lemma normalised_snd_neq_zero:
  assumes "congruent p q" "q v1 = (0, 0)" "fst (q v2) = 0" "dsq (p v2) (p v1) \<noteq> 0"
  shows "snd (q v2) \<noteq> 0"
proof
  assume "snd (q v2) = 0"
  with assms(2,3) have "q v2 = q v1"
    by (simp add: prod_eq_iff)
  with assms(1,4) show False
    by (simp add: congruent_def dsq_def)
qed

lemma card_normalised_congruent:
  fixes p :: "'v \<Rightarrow> complex \<times> complex"
  assumes du: "iso_u (p v2) \<noteq> iso_u (p v1)" and dw: "iso_w (p v2) \<noteq> iso_w (p v1)"
    and nd: "(iso_u (p c) - iso_u (p v1)) * (iso_w (p v2) - iso_w (p v1))
       \<noteq> (iso_u (p v2) - iso_u (p v1)) * (iso_w (p c) - iso_w (p v1))"
  defines "T \<equiv> {q. congruent p q \<and> q v1 = (0, 0) \<and> fst (q v2) = 0}"
  shows "card T = 4" "card {q \<in> T. Arg (snd (q v2)) \<in> {0<..pi}} = 2"
proof -
  define R where "R = (\<lambda>l a. rotation l (p a - p v1))"
  define F where "F = (\<lambda>l a. reflection l (p a - p v1))"
  define s where "s = csqrt (- iso_w (p v2 - p v1) / iso_u (p v2 - p v1))"
  define r where "r = csqrt (- iso_u (p v2 - p v1) / iso_w (p v2 - p v1))"
  have T: "T = {R s, - R s, F r, - F r}"
    unfolding T_def R_def F_def s_def r_def
    by (rule normalised_congruent_eq) (use du dw nd in simp_all)
  have snd_nz: "snd (q v2) \<noteq> 0" if "q \<in> T" for q
    using that du dw by (intro normalised_snd_neq_zero[of p q]) (simp_all add: T_def dsq_iso)
  let ?P = "\<lambda>q. Arg (snd (q v2)) \<in> {0<..pi}"
  have flip: "?P (- q) \<longleftrightarrow> \<not> ?P q" if "q \<in> T" for q
    using Arg_minus_in_upper_half[OF snd_nz[OF that]] by simp
  have s0: "s \<noteq> 0" and r0: "r \<noteq> 0"
    using du dw by (simp_all add: s_def r_def)
  have R_ne_F: "R s \<noteq> F m" if "m \<noteq> 0" for m
  proof
    assume "R s = F m"
    then have "rotation s (p v2 - p v1) = reflection m (p v2 - p v1)"
      "rotation s (p c - p v1) = reflection m (p c - p v1)"
      by (simp_all add: R_def F_def fun_eq_iff)
    from rotation_reflection_agree[OF s0 that this] nd show False
      by (simp add: mult.commute)
  qed
  have "- F r = F (- r)"
    by (simp add: fun_eq_iff F_def reflection_minus)
  then have "R s \<noteq> F r" "R s \<noteq> - F r"
    using R_ne_F r0 by simp_all
  moreover have "?P (- R s) \<longleftrightarrow> \<not> ?P (R s)" "?P (- F r) \<longleftrightarrow> \<not> ?P (F r)"
    by (rule flip, simp add: T)+
  ultimately have "card {R s, - R s, F r, - F r} = 4"
    "card {q \<in> {R s, - R s, F r, - F r}. ?P q} = 2"
    using card_sign_split[where P = ?P] by blast+
  then show "card T = 4" "card {q \<in> T. ?P q} = 2"
    by (simp_all only: T)
qed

====================

Exercise goal — Copy every line above exactly.

Answer section —
lemma normalised_snd_neq_zero:
  assumes "congruent p q" "q v1 = (0, 0)" "fst (q v2) = 0" "dsq (p v2) (p v1) \<noteq> 0"
  shows "snd (q v2) \<noteq> 0"
proof
  assume "snd (q v2) = 0"
  with assms(2,3) have "q v2 = q v1"
    by (simp add: prod_eq_iff)
  with assms(1,4) show False
    by (simp add: congruent_def dsq_def)
qed

lemma card_normalised_congruent:
  fixes p :: "'v \<Rightarrow> complex \<times> complex"
  assumes du: "iso_u (p v2) \<noteq> iso_u (p v1)" and dw: "iso_w (p v2) \<noteq> iso_w (p v1)"
    and nd: "(iso_u (p c) - iso_u (p v1)) * (iso_w (p v2) - iso_w (p v1))
       \<noteq> (iso_u (p v2) - iso_u (p v1)) * (iso_w (p c) - iso_w (p v1))"
  defines "T \<equiv> {q. congruent p q \<and> q v1 = (0, 0) \<and> fst (q v2) = 0}"
  shows "card T = 4" "card {q \<in> T. Arg (snd (q v2)) \<in> {0<..pi}} = 2"
proof -
  define R where "R = (\<lambda>l a. rotation l (p a - p v1))"
  define F where "F = (\<lambda>l a. reflection l (p a - p v1))"
  define s where "s = csqrt (- iso_w (p v2 - p v1) / iso_u (p v2 - p v1))"
  define r where "r = csqrt (- iso_u (p v2 - p v1) / iso_w (p v2 - p v1))"
  have T: "T = {R s, - R s, F r, - F r}"
    unfolding T_def R_def F_def s_def r_def
    by (rule normalised_congruent_eq) (use du dw nd in simp_all)
  have snd_nz: "snd (q v2) \<noteq> 0" if "q \<in> T" for q
    using that du dw by (intro normalised_snd_neq_zero[of p q]) (simp_all add: T_def dsq_iso)
  let ?P = "\<lambda>q. Arg (snd (q v2)) \<in> {0<..pi}"
  have flip: "?P (- q) \<longleftrightarrow> \<not> ?P q" if "q \<in> T" for q
    using Arg_minus_in_upper_half[OF snd_nz[OF that]] by simp
  have s0: "s \<noteq> 0" and r0: "r \<noteq> 0"
    using du dw by (simp_all add: s_def r_def)
  have R_ne_F: "R s \<noteq> F m" if "m \<noteq> 0" for m
  proof
    assume "R s = F m"
    then have "rotation s (p v2 - p v1) = reflection m (p v2 - p v1)"
      "rotation s (p c - p v1) = reflection m (p c - p v1)"
      by (simp_all add: R_def F_def fun_eq_iff)
    from rotation_reflection_agree[OF s0 that this] nd show False
      by (simp add: mult.commute)
  qed
  have "- F r = F (- r)"
    by (simp add: fun_eq_iff F_def reflection_minus)
  then have "R s \<noteq> F r" "R s \<noteq> - F r"
    using R_ne_F r0 by simp_all
  moreover have "?P (- R s) \<longleftrightarrow> \<not> ?P (R s)" "?P (- F r) \<longleftrightarrow> \<not> ?P (F r)"
    by (rule flip, simp add: T)+
  ultimately have "card {R s, - R s, F r, - F r} = 4"
    "card {q \<in> {R s, - R s, F r, - F r}. ?P q} = 2"
    using card_sign_split[where P = ?P] by blast+
  then show "card T = 4" "card {q \<in> T. ?P q} = 2"
    by (simp_all only: T)
qed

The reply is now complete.